Consultor Eletrônico

Status: Unverified

SYMPTOM(s):

SSL Socket connection fails with errors 9318, 9407 in OpenEdge 10.1A / 10.1B

Secure Socket Layer (SSL) failure. error code <err_number>: <ssl_error_message> (9318)

Secure Socket Layer (SSL) failure. error code 0: Unknown network error (9318)

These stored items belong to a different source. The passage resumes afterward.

lemma prefix_covers_pcomp_gens:
  assumes "prefix_covers Op x y"
  shows "\<exists>a\<in>gens Op. \<exists>i. 1 \<le> i \<and> i \<le> arity Op x \<and> y = pcomp Op x i a"
proof -
  have le: "prefix_le Op x y" and "x \<noteq> y"
    and nothing_between: "\<not> (\<exists>z. prefix_le Op x z \<and> x \<noteq> z \<and> prefix_le Op z y \<and> z \<noteq> y)"
    using assms unfolding prefix_covers_def by auto
  from le show ?thesis
  proof cases
    case prefix_refl
    with \<open>x \<noteq> y\<close> show ?thesis by simp
  next
    case (prefix_step y' a i)
    have "y' \<in> carrier Op"
      using prefix_step(2) prefix_le_carrier by blast
    then have "y' \<noteq> y" "prefix_le Op y' y"
      using pcomp_gens_neq[of y' a i] prefix_step by (auto intro: prefix_le.intros)
    with nothing_between prefix_step(2) have "x = y'"
      by blast
    with prefix_step show ?thesis
      by blast
  qed
qed

lemma eval_tree_closed: "wf_tree Op (gens Op) t \<Longrightarrow> eval_tree Op t \<in> carrier Op"
proof (induction t)
  case Leaf
  then show ?case by (simp add: unit_closed)
next
  case (Node g ts)
  then show ?case
    using gens_subset_carrier by (auto intro!: fcomp_closed)
qed


lemma treelike_expr_pcomp_gens:
  assumes "treelike_expr Op t x" "a \<in> gens Op" "1 \<le> i" "i \<le> arity Op x"
  shows "\<exists>t'. treelike_expr Op t' (pcomp Op x i a) \<and> internal_nodes t' = internal_nodes t + 1"
  using assms unfolding treelike_expr_def
proof (induction t arbitrary: x i)
  case Leaf
  have a: "a \<in> carrier Op"
    using Leaf.prems gens_subset_carrier by auto
  let ?t = "Node a (replicate (arity Op a) Leaf)"
  have "eval_tree Op ?t = pcomp Op x i a"
    using Leaf.prems arity_unit fcomp_units[OF a] pcomp_unit_left[OF a] by simp
  moreover have "wf_tree Op (gens Op) ?t" "internal_nodes ?t = internal_nodes Leaf + 1"
    using Leaf.prems by (simp_all add: sum_list_replicate)
  ultimately show ?case
    by blast
next
  case (Node g ts)
  let ?ys = "map (eval_tree Op) ts"
  have g: "g \<in> carrier Op" "length ?ys = arity Op g" and ys: "set ?ys \<subseteq> carrier Op"
    using Node.prems gens_subset_carrier eval_tree_closed by auto
  have a: "a \<in> carrier Op"
    using Node.prems gens_subset_carrier by auto
  obtain j r where jr: "j < length ts" "1 \<le> r" "r \<le> arity Op (eval_tree Op (ts ! j))"
    "pcomp Op (fcomp Op g ?ys) i a = fcomp Op g (?ys[j := pcomp Op (eval_tree Op (ts ! j)) r a])"
    using pcomp_fcomp_into_argument[OF g(2,1) ys a, of i] Node.prems by auto
  then obtain t'' where t'': "wf_tree Op (gens Op) t''"
    "eval_tree Op t'' = pcomp Op (eval_tree Op (ts ! j)) r a"
    "internal_nodes t'' = internal_nodes (ts ! j) + 1"
    using Node.IH[OF nth_mem[OF jr(1)], of "eval_tree Op (ts ! j)" r] Node.prems jr by auto
  let ?t = "Node g (ts[j := t''])"
  have "wf_tree Op (gens Op) ?t"
    using Node.prems t''(1) by (auto dest: set_update_subset_insert[THEN subsetD])
  moreover have "eval_tree Op ?t = pcomp Op x i a"
    using jr t''(2) Node.prems by (simp add: map_update)
  moreover have "internal_nodes ?t = internal_nodes (Node g ts) + 1"
    using jr(1) t''(3) by (simp add: map_update sum_list_update)
  ultimately show ?case
    by blast
qed

lemma treelike_expr_prefix_le:
  assumes "prefix_le Op x y" "treelike_expr Op t x"
  shows "\<exists>t'. treelike_expr Op t' y"
  using assms
proof (induction rule: prefix_le.induct)
  case (prefix_refl x)
  then show ?case by blast
next
  case (prefix_step x y a i)
  then obtain t' where "treelike_expr Op t' y"
    by blast
  then show ?case
    using treelike_expr_pcomp_gens prefix_step.hyps by blast
qed

lemma treelike_expr_exists:
  assumes "x \<in> carrier Op"
  shows "\<exists>t. treelike_expr Op t x"
proof -
  have "prefix_le Op (op_unit Op) x"
    using prefix_le_pcomp[OF assms unit_closed] arity_unit pcomp_unit_left[OF assms] by simp
  moreover have "treelike_expr Op Leaf (op_unit Op)"
    unfolding treelike_expr_def by simp
  ultimately show ?thesis
    using treelike_expr_prefix_le by blast
qed

end

locale homogeneous_operad = nonsymmetric_operad +
  assumes homogeneous: "homogeneous Op"

sublocale homogeneous_operad \<subseteq> connected_operad
proof
  have "{x \<in> carrier Op. arity Op x = 0} = {}" "{x \<in> carrier Op. arity Op x = 1} = {op_unit Op}"
    using homogeneous unfolding homogeneous_def by simp_all
  then show "x \<in> carrier Op \<Longrightarrow> arity Op x \<noteq> 0" "x \<in> carrier Op \<Longrightarrow> arity Op x = 1 \<Longrightarrow> x = op_unit Op"
    for x by auto
qed

context homogeneous_operad
begin

definition degree :: "'a \<Rightarrow> nat" where
  "degree x = internal_nodes (SOME t. treelike_expr Op t x)"

lemma degree_eq_internal_nodes:
  assumes "treelike_expr Op t x"
  shows "degree x = internal_nodes t"
proof -
  have "x \<in> carrier Op"
    using assms eval_tree_closed unfolding treelike_expr_def by blast
  moreover have "treelike_expr Op (SOME t. treelike_expr Op t x) x"
    using assms by (rule someI)
  ultimately show ?thesis
    using homogeneous assms unfolding homogeneous_def degree_def by blast
qed

lemma degree_pcomp_gens:
  assumes "x \<in> carrier Op" "a \<in> gens Op" "1 \<le> i" "i \<le> arity Op x"
  shows "degree (pcomp Op x i a) = degree x + 1"
proof -
  obtain t where t: "treelike_expr Op t x"
    using treelike_expr_exists[OF assms(1)] by blast
  then obtain t' where "treelike_expr Op t' (pcomp Op x i a)" "internal_nodes t' = internal_nodes t + 1"
    using treelike_expr_pcomp_gens assms(2-4) by blast
  then show ?thesis
    using t degree_eq_internal_nodes by simp
qed

lemma prefix_le_degree_less: "prefix_le Op x y \<Longrightarrow> x = y \<or> degree x < degree y"
proof (induction rule: prefix_le.induct)
  case (prefix_refl x)
  then show ?case by simp
next
  case (prefix_step x y a i)
  have "y \<in> carrier Op"
    using prefix_step.hyps(1) prefix_le_carrier by blast
  then have "degree (pcomp Op y i a) = degree y + 1"
    using degree_pcomp_gens prefix_step.hyps by blast
  then show ?case
    using prefix_step.IH by auto
qed

lemma prefix_covers_iff_pcomp_gens:
  assumes "x \<in> carrier Op"
  shows "prefix_covers Op x y \<longleftrightarrow> (\<exists>a\<in>gens Op. \<exists>i. 1 \<le> i \<and> i \<le> arity Op x \<and> y = pcomp Op x i a)"
proof
  assume "prefix_covers Op x y"
  then show "\<exists>a\<in>gens Op. \<exists>i. 1 \<le> i \<and> i \<le> arity Op x \<and> y = pcomp Op x i a"
    by (rule prefix_covers_pcomp_gens)
next
  assume "\<exists>a\<in>gens Op. \<exists>i. 1 \<le> i \<and> i \<le> arity Op x \<and> y = pcomp Op x i a"
  then obtain a i where a: "a \<in> gens Op" and i: "1 \<le> i" "i \<le> arity Op x" and y: "y = pcomp Op x i a"
    by blast
  have degree_y: "degree y = degree x + 1"
    using degree_pcomp_gens[OF assms a i] y by simp
  have "prefix_le Op x y"
    using y a i assms by (auto intro: prefix_le.intros)
  moreover have "x \<noteq> y"
    using pcomp_gens_neq[OF assms a i] y by simp
  moreover have "\<not> (\<exists>z. prefix_le Op x z \<and> x \<noteq> z \<and> prefix_le Op z y \<and> z \<noteq> y)"
  proof
    assume "\<exists>z. prefix_le Op x z \<and> x \<noteq> z \<and> prefix_le Op z y \<and> z \<noteq> y"
    then obtain z where "degree x < degree z" "degree z < degree y"
      using prefix_le_degree_less by blast
    with degree_y show False
      by simp
  qed
  ultimately show "prefix_covers Op x y"
    unfolding prefix_covers_def by blast
qed

end

theorem proposition4p5:
  fixes Op :: "('a, 'b) operad_scheme"
  assumes "ns_operad Op" and "homogeneous Op" and "finitely_generated Op"
  shows "(\<forall>x\<in>carrier Op. \<forall>y\<in>carrier Op.
            prefix_le Op x y \<longleftrightarrow>
            (\<exists>zs. length zs = arity Op x \<and> set zs \<subseteq> carrier Op \<and> y = fcomp Op x zs))
       \<and> (\<forall>x\<in>carrier Op. \<forall>y\<in>carrier Op.
            prefix_covers Op x y \<longleftrightarrow>
            (\<exists>a\<in>gens Op. \<exists>i. 1 \<le> i \<and> i \<le> arity Op x \<and> y = pcomp Op x i a))"
proof -
  interpret homogeneous_operad Op
    using assms(1,2) by unfold_locales
  show ?thesis
    using prefix_le_iff_fcomp prefix_covers_iff_pcomp_gens by blast
qed

end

Connection failure for host <host_name> port <port> transport <transport_name>. (9407)

Following entries are recorded in cert.client.log when SSLSYS_DEBUG_LOGGING=4 is set:

[DDD MMM DD HH:MM:SS YYYY] ID-0x01b59008 CTX-0x00000000 BIO-0x00000000 INFO --- Initialized client logging
[DDD MMM DD HH:MM:SS YYYY] ID-0x01b59008 CTX-0x00000000 BIO-0x00000000 INFO --- Enabling SSL Client session reuse
[DDD MMM DD HH:MM:SS YYYY] ID-0x01b59008 CTX-0x01b5b1b0 BIO-0x00000000 ERROR --- SSL Client connect failure to host: <hostname> and port: <port> error (268857450) SIO routines

FACT(s) (Environment):

Using following code to create secure socket and connect:

CREATE SOCKET hWebSocket.
hWebSocket:CONNECT('-ssl -H <hostname> -S <port>').
Starting session with -sslverify (values 0-4) has no effect
Same code works as expected in OpenEdge 10.1C; a secure socket connection is established
Same code works as expected in OpenEdge 10.1A on IBM AIX; a secure socket connection is established
Same code works as expected in OpenEdge 10.1A on Linux; a secure socket connection is established
IBM AIX and Linux use OpenSSL libraries
Other operating systems (HP-UX, Solaris, Windows) use RSA libraries
OpenEdge 10.1A
OpenEdge 10.1B
HP-UX
Solaris
Windows

CAUSE:

The exact cause is unknown at the time of this writing but is likely related to a difference between how RSA libraries handle SSL compared to OpenSSL libraries, given that the same code that fails in 10.1A on Windows (RSA) works when executed in 10.1A on Red Hat Linux (OpenSSL).

FIX:

Add the -nohostverify parameter to the connection parameters used in the CONNECT() method:

CREATE SOCKET hWebSocket.
hWebSocket:CONNECT('-ssl -nohostverify -H <hostname> -S <port>').